There was just also a strong core of honor that ran through him, too. Sometimes, she wondered how much of a hold that honor had on him. It was probably all that kept him from being truly dangerous.

Then again, she spent a lot of time profiling Dr. Allan Knight. It was starting to be a real habit.

She’d been wrong far more times than she’d been right.

“So how similar is he to a typical family annihilator?” Pierce asked. “I’ve read about all of these profiles, but…hell, I haven’t come across them in my career that often. If at all. I’ve had six murder cases in sixteen years, and those were joint with a team out of Indy. That’s it.”

“Not very similar at all. A family annihilator typically faces some kind of stress or trigger—most often financial ruin or exposure of financial struggles. That’s often combined with relationship breakdowns such as divorce or separation,” Knight said. He’d done extensive study into family annihilators. Miranda had read all of his published works. The man was very, very good at what he did.
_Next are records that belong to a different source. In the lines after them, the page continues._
(* Assume (C1) and (C2). Then for every $u\in\mathbb{R}^{\mathbb{Z}_K\times\mathbb{Z}_M}$, $\sum_{k\in\mathbb{Z}_K}\sum_{j\in\mathbb{Z}_M}\big(u_{k,j}B_{k,j}(u)-\partial_{k,j}B_{k,j}(u)\big)=0.$
   Context: Fix integers $K,M\ge1$; $\mathbb{Z}_m=\mathbb{Z}/m\mathbb{Z}$, $\mathbb{Z}_m^*=\mathbb{Z}_m\setminus\{0\}$; component indices modulo $K$, site indices modulo $M$. Real coefficients $\alpha_k$, $\beta_k^l,\gamma_k^l$ ($l\in\mathbb{Z}_K^*$), $\lambda_k^{k-l,k-l'}$ ($l,l'\in\mathbb{Z}_K^*$, $l\ne l'$) are given. For $u\in\mathbb{R}^{\mathbb{Z}_K\times\mathbb{Z}_M}$: $w_{k,j}=\frac13(u_{k,j}^2+u_{k,j}u_{k,j+1}+u_{k,j+1}^2)$, $b_{k,j}^l=\frac12(u_{k,j}u_{k+l,j}+u_{k,j+1}u_{k+l,j+1})$, $r_{k,j}^l=u_{k-l,j}u_{k-l,j+1}$, $p_{k,j}^{l,l'}=\frac16(2u_{k-l,j}u_{k-l',j}+u_{k-l,j}u_{k-l',j+1}+u_{k-l,j+1}u_{k-l',j}+2u_{k-l,j+1}u_{k-l',j+1})$, $G_{k,j}=\alpha_k w_{k,j}+\sum_{l\in\mathbb{Z}_K^*}\beta_k^l b_{k,j}^l+\sum_{l\in\mathbb{Z}_K^*}\gamma_k^l r_{k,j}^l+\sum_{l\in\mathbb{Z}_K^*}\sum_{l'\in\mathbb{Z}_K^*,l'\ne l}\lambda_k^{k-l,k-l'}p_{k,j}^{l,l'}$, $B_{k,j}(u)=G_{k,j}-G_{k,j-1}$; $\partial_{k,j}=\partial/\partial u_{k,j}$. (C1) $\beta_k^a=2\gamma_{k+a}^a$ for all $k$, $a\in\mathbb{Z}_K^*$; (C2) $\lambda_k^{k-a,k-a'}=\lambda_k^{k-a',k-a}=\lambda_{k-a}^{k,k-a'}$ for all $k$ and $a,a'\in\mathbb{Z}_K^*$, $a\ne a'$. *)

theory Defs
  imports "HOL-Analysis.Analysis"
begin

text \<open>Configurations u in R^(Z_K x Z_M) are represented by functions
  u :: int * int => real, of which only the values at (k,j) with
  0 <= k < K, 0 <= j < M matter; all indices are reduced mod K resp. mod M.
  Z_K^* is represented by {1..<K}.  Coefficients are functions of int
  arguments that are only evaluated at reduced indices.\<close>

definition uu :: "int \<Rightarrow> int \<Rightarrow> (int \<times> int \<Rightarrow> real) \<Rightarrow> int \<Rightarrow> int \<Rightarrow> real" where
  "uu K M u k j = u (k mod K, j mod M)"

definition wt :: "int \<Rightarrow> int \<Rightarrow> (int \<times> int \<Rightarrow> real) \<Rightarrow> int \<Rightarrow> int \<Rightarrow> real" where
  "wt K M u k j = (1/3) * ((uu K M u k j)^2 + uu K M u k j * uu K M u k (j+1) + (uu K M u k (j+1))^2)"

definition bt :: "int \<Rightarrow> int \<Rightarrow> (int \<times> int \<Rightarrow> real) \<Rightarrow> int \<Rightarrow> int \<Rightarrow> int \<Rightarrow> real" where
  "bt K M u k j l = (1/2) * (uu K M u k j * uu K M u (k+l) j + uu K M u k (j+1) * uu K M u (k+l) (j+1))"

definition rt :: "int \<Rightarrow> int \<Rightarrow> (int \<times> int \<Rightarrow> real) \<Rightarrow> int \<Rightarrow> int \<Rightarrow> int \<Rightarrow> real" where
  "rt K M u k j l = uu K M u (k-l) j * uu K M u (k-l) (j+1)"

definition pt :: "int \<Rightarrow> int \<Rightarrow> (int \<times> int \<Rightarrow> real) \<Rightarrow> int \<Rightarrow> int \<Rightarrow> int \<Rightarrow> int \<Rightarrow> real" where
  "pt K M u k j l l' = (1/6) * (2 * uu K M u (k-l) j * uu K M u (k-l') j
      + uu K M u (k-l) j * uu K M u (k-l') (j+1)
      + uu K M u (k-l) (j+1) * uu K M u (k-l') j
      + 2 * uu K M u (k-l) (j+1) * uu K M u (k-l') (j+1))"

definition Gt :: "int \<Rightarrow> int \<Rightarrow> (int \<Rightarrow> real) \<Rightarrow> (int \<Rightarrow> int \<Rightarrow> real) \<Rightarrow> (int \<Rightarrow> int \<Rightarrow> real)
    \<Rightarrow> (int \<Rightarrow> int \<Rightarrow> int \<Rightarrow> real) \<Rightarrow> (int \<times> int \<Rightarrow> real) \<Rightarrow> int \<Rightarrow> int \<Rightarrow> real" where
  "Gt K M alpha beta gamma lam u k j =
     alpha (k mod K) * wt K M u k j
     + (\<Sum>l\<in>{1..<K}. beta (k mod K) l * bt K M u k j l)
     + (\<Sum>l\<in>{1..<K}. gamma (k mod K) l * rt K M u k j l)
     + (\<Sum>l\<in>{1..<K}. \<Sum>l'\<in>{1..<K} - {l}.
          lam (k mod K) ((k-l) mod K) ((k-l') mod K) * pt K M u k j l l')"

definition Bt :: "int \<Rightarrow> int \<Rightarrow> (int \<Rightarrow> real) \<Rightarrow> (int \<Rightarrow> int \<Rightarrow> real) \<Rightarrow> (int \<Rightarrow> int \<Rightarrow> real)
    \<Rightarrow> (int \<Rightarrow> int \<Rightarrow> int \<Rightarrow> real) \<Rightarrow> (int \<times> int \<Rightarrow> real) \<Rightarrow> int \<Rightarrow> int \<Rightarrow> real" where
  "Bt K M alpha beta gamma lam u k j =
     Gt K M alpha beta gamma lam u k j - Gt K M alpha beta gamma lam u k (j-1)"

definition pderiv_at :: "int \<Rightarrow> int \<Rightarrow> ((int \<times> int \<Rightarrow> real) \<Rightarrow> real) \<Rightarrow> (int \<times> int \<Rightarrow> real) \<Rightarrow> int \<Rightarrow> int \<Rightarrow> real" where
  "pderiv_at K M F u k j = deriv (\<lambda>t. F (u((k mod K, j mod M) := t))) (u (k mod K, j mod M))"

end

theory Submission
  imports Defs
begin

text \<open>Only the self-interaction term w of G feels u(k,j) in a way that survives in
  B(k,j) = G(k,j) - G(k,j-1), so the derivative term is alpha(k) (u(k,j+1) - u(k,j-1)) / 3,
  which telescopes away in j. Summation by parts along the cycle turns the sum over j of
  u(k,j) B(k,j) into the sum of G(k,j) (u(k,j) - u(k,j+1)). Conditions (C1) and (C2) make G a
  discrete gradient: for consecutive columns a = u(-,j) and b = u(-,j+1) the sum over k of
  G(k,j) (a k - b k) equals E a - E b for a cubic energy E, so the sum over j telescopes
  as well.\<close>

lemma uu_mod_row [simp]: "uu K M u (k mod K) j = uu K M u k j"
  by (simp add: uu_def)

lemma uu_mod_col [simp]: "uu K M u k (j mod M) = uu K M u k j"
  by (simp add: uu_def)

lemma uu_fun_upd:
  "uu K M (u((k0, j0) := t)) k j = (if k mod K = k0 \<and> j mod M = j0 then t else uu K M u k j)"
  by (simp add: uu_def)

lemma mod_shift_neq:
  fixes k l K :: int
  assumes "k \<in> {0..<K}" and "l \<in> {1..<K}"
  shows "(k + l) mod K \<noteq> k" "(k - l) mod K \<noteq> k"
proof -
  have "\<not> K dvd l"
    using assms(2) zdvd_not_zless by auto
  then show "(k + l) mod K \<noteq> k"
    using assms(1) by (metis add_diff_cancel_left' mod_eq_dvd_iff mod_pos_pos_trivial atLeastLessThan_iff)
  from \<open>\<not> K dvd l\<close> show "(k - l) mod K \<noteq> k"
    using assms(1)
    by (metis add_diff_cancel_left' mod_eq_dvd_iff mod_pos_pos_trivial atLeastLessThan_iff diff_diff_eq2)
qed

lemma sum_periodic_shift:
  fixes f :: "int \<Rightarrow> 'a::comm_monoid_add"
  assumes "N \<ge> 1" and periodic: "\<And>x. f (x mod N) = f x"
  shows "(\<Sum>x\<in>{0..<N}. f (x + c)) = (\<Sum>x\<in>{0..<N}. f x)"
proof -
  have "(\<Sum>x\<in>{0..<N}. f ((x + c) mod N)) = (\<Sum>x\<in>{0..<N}. f x)"
    by (rule sum.reindex_bij_witness[where i="\<lambda>x. (x - c) mod N" and j="\<lambda>x. (x + c) mod N"])
       (use assms(1) in \<open>auto simp: mod_diff_left_eq mod_add_left_eq\<close>)
  then show ?thesis by (simp add: periodic)
qed

lemma sum_periodic_by_parts:
  fixes f g :: "int \<Rightarrow> 'a::comm_ring"
  assumes N: "N \<ge> 1" and f: "\<And>x. f (x mod N) = f x" and g: "\<And>x. g (x mod N) = g x"
  shows "(\<Sum>x\<in>{0..<N}. f x * (g x - g (x - 1))) = (\<Sum>x\<in>{0..<N}. g x * (f x - f (x + 1)))"
proof -
  have "g (x mod N - 1) = g (x - 1)" for x
    by (metis g mod_diff_left_eq)
  then have "(\<Sum>x\<in>{0..<N}. f (x + 1) * g (x + 1 - 1)) = (\<Sum>x\<in>{0..<N}. f x * g (x - 1))"
    using sum_periodic_shift[OF N, of "\<lambda>x. f x * g (x - 1)" 1] by (simp add: f)
  then show ?thesis
    by (simp add: sum_subtractf right_diff_distrib mult.commute)
qed

lemma sum_periodic_shift_diff:
  fixes f :: "int \<Rightarrow> 'a::ab_group_add"
  assumes "N \<ge> 1" and "\<And>x. f (x mod N) = f x"
  shows "(\<Sum>x\<in>{0..<N}. f (x + c) - f (x + d)) = 0"
  using sum_periodic_shift[where f=f, OF assms, of c] sum_periodic_shift[where f=f, OF assms, of d]
  by (simp add: sum_subtractf)

lemma pderiv_at_affine:
  assumes "\<And>t. F (u((k mod K, j mod M) := t)) = F u + c * (t - u (k mod K, j mod M))"
  shows "pderiv_at K M F u k j = c"
proof -
  have "((\<lambda>t. F u + c * (t - u (k mod K, j mod M))) has_real_derivative c) (at t)" for t
    by (auto intro!: derivative_eq_intros)
  then show ?thesis
    unfolding pderiv_at_def assms by (rule DERIV_imp_deriv)
qed

text \<open>The u(k,j)-dependence of the b-terms cancels between G(k,j) and G(k,j-1), and the r- and
  p-terms at component k only involve other components; B(k,j) is therefore affine in u(k,j).\<close>

lemma Bt_fun_upd:
  assumes k: "k \<in> {0..<K}" and j: "j \<in> {0..<M}"
  shows "Bt K M alpha beta gamma lam (u((k, j) := t)) k j
    = Bt K M alpha beta gamma lam u k j
      + alpha k * (uu K M u k (j + 1) - uu K M u k (j - 1)) / 3 * (t - u (k, j))"
proof (cases "M = 1")
  case True
  txt \<open>With a single site j + 1 and j - 1 coincide with j, so G does not depend on j and B vanishes.\<close>
  then show ?thesis by (simp add: Bt_def Gt_def wt_def bt_def rt_def pt_def uu_def)
next
  case False
  let ?v = "u((k, j) := t)"
  have km: "k mod K = k" and jm: "j mod M = j" using k j by auto
  have j1: "(j + 1) mod M \<noteq> j" "(j - 1) mod M \<noteq> j"
    using mod_shift_neq[OF j, of 1] False j by auto
  have kl: "(k + l) mod K \<noteq> k" "(k - l) mod K \<noteq> k" if "l \<in> {1..<K}" for l
    using mod_shift_neq[OF k that] by auto
  have r: "(\<Sum>l\<in>{1..<K}. gamma k l * rt K M ?v k j' l) = (\<Sum>l\<in>{1..<K}. gamma k l * rt K M u k j' l)" for j'
    by (intro sum.cong) (simp_all add: rt_def uu_fun_upd kl)
  have p: "(\<Sum>l\<in>{1..<K}. \<Sum>l'\<in>{1..<K} - {l}. lam k ((k-l) mod K) ((k-l') mod K) * pt K M ?v k j' l l')
      = (\<Sum>l\<in>{1..<K}. \<Sum>l'\<in>{1..<K} - {l}. lam k ((k-l) mod K) ((k-l') mod K) * pt K M u k j' l l')" for j'
    by (intro sum.cong) (simp_all add: pt_def uu_fun_upd kl)
  have b: "(\<Sum>l\<in>{1..<K}. beta k l * bt K M ?v k j l) - (\<Sum>l\<in>{1..<K}. beta k l * bt K M ?v k (j - 1) l)
      = (\<Sum>l\<in>{1..<K}. beta k l * bt K M u k j l) - (\<Sum>l\<in>{1..<K}. beta k l * bt K M u k (j - 1) l)"
    unfolding sum_subtractf[symmetric]
    by (intro sum.cong) (simp_all add: bt_def uu_fun_upd kl km jm j1, simp add: field_simps)
  have w: "alpha k * wt K M ?v k j - alpha k * wt K M ?v k (j - 1)
      = alpha k * wt K M u k j - alpha k * wt K M u k (j - 1)
        + alpha k * (uu K M u k (j + 1) - uu K M u k (j - 1)) / 3 * (t - u (k, j))"
    by (simp add: wt_def uu_fun_upd km jm j1 uu_def[of K M u k j], simp add: power2_eq_square field_simps)
  show ?thesis
    using r p b w unfolding Bt_def Gt_def km by (simp add: algebra_simps)
qed

lemma bij_betw_mod_diff:
  fixes k K :: int
  assumes k: "k \<in> {0..<K}"
  shows "bij_betw (\<lambda>l. (k - l) mod K) {1..<K} ({0..<K} - {k})"
proof (rule bij_betw_byWitness[where f'="\<lambda>x. (k - x) mod K"])
  show "\<forall>l\<in>{1..<K}. (k - (k - l) mod K) mod K = l"
    by (simp add: mod_diff_right_eq)
  show "\<forall>x\<in>{0..<K} - {k}. (k - (k - x) mod K) mod K = x"
    by (simp add: mod_diff_right_eq)
  show "(\<lambda>l. (k - l) mod K) ` {1..<K} \<subseteq> {0..<K} - {k}"
    using k mod_shift_neq(2)[OF k] by auto
  show "(\<lambda>x. (k - x) mod K) ` ({0..<K} - {k}) \<subseteq> {1..<K}"
  proof (rule image_subsetI)
    fix x assume "x \<in> {0..<K} - {k}"
    then have x: "x \<in> {0..<K}" "x \<noteq> k" by auto
    have "(k - x) mod K \<noteq> 0"
      using x k by (auto simp: mod_eq_0_iff_dvd mod_eq_dvd_iff[symmetric])
    moreover have "0 \<le> (k - x) mod K" "(k - x) mod K < K"
      using k by auto
    ultimately show "(k - x) mod K \<in> {1..<K}"
      by simp
  qed
qed

definition distinct_triples :: "int \<Rightarrow> (int \<times> int \<times> int) set" where
  "distinct_triples K = (SIGMA k:{0..<K}. SIGMA x:{0..<K} - {k}. {0..<K} - {k, x})"

lemma mem_distinct_triples [simp]:
  "(k, x, y) \<in> distinct_triples K \<longleftrightarrow>
     k \<in> {0..<K} \<and> x \<in> {0..<K} \<and> y \<in> {0..<K} \<and> distinct [k, x, y]"
  by (auto simp: distinct_triples_def)

lemma finite_distinct_triples [simp]: "finite (distinct_triples K)"
  by (simp add: distinct_triples_def)

lemma sum_distinct_triples_rotate:
  "(\<Sum>(k, x, y)\<in>distinct_triples K. F x y k) = (\<Sum>(k, x, y)\<in>distinct_triples K. F k x y)"
  by (rule sum.reindex_bij_witness[where i="\<lambda>(k, x, y). (y, k, x)" and j="\<lambda>(k, x, y). (x, y, k)"])
     auto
“Some family annihilators fear loss of status more than anything, or abandonment,” Knight added. “They’re afraid of losing everything, so they orchestrate the end of everything in order to retain control of it. There is typically no sexual violence in family-annihilator situations. They want closure, not domination.”

“That’s why no family connection to the Gibsons was found,” Miranda said. Family annihilators were often easier to figure out. There was almost always a paper trail, and very clear relational ties. “This wasn’t about social loss. This was a need for power.”

“This man was most likely rejected sexually,” Knight said. “Made to feel less of a man somehow—through his employment or his social environment. At heart, he believes he’s powerless.”

“Invisible,” Pierce said. “Hell, doesn’t everyone feel that way at one point or another?”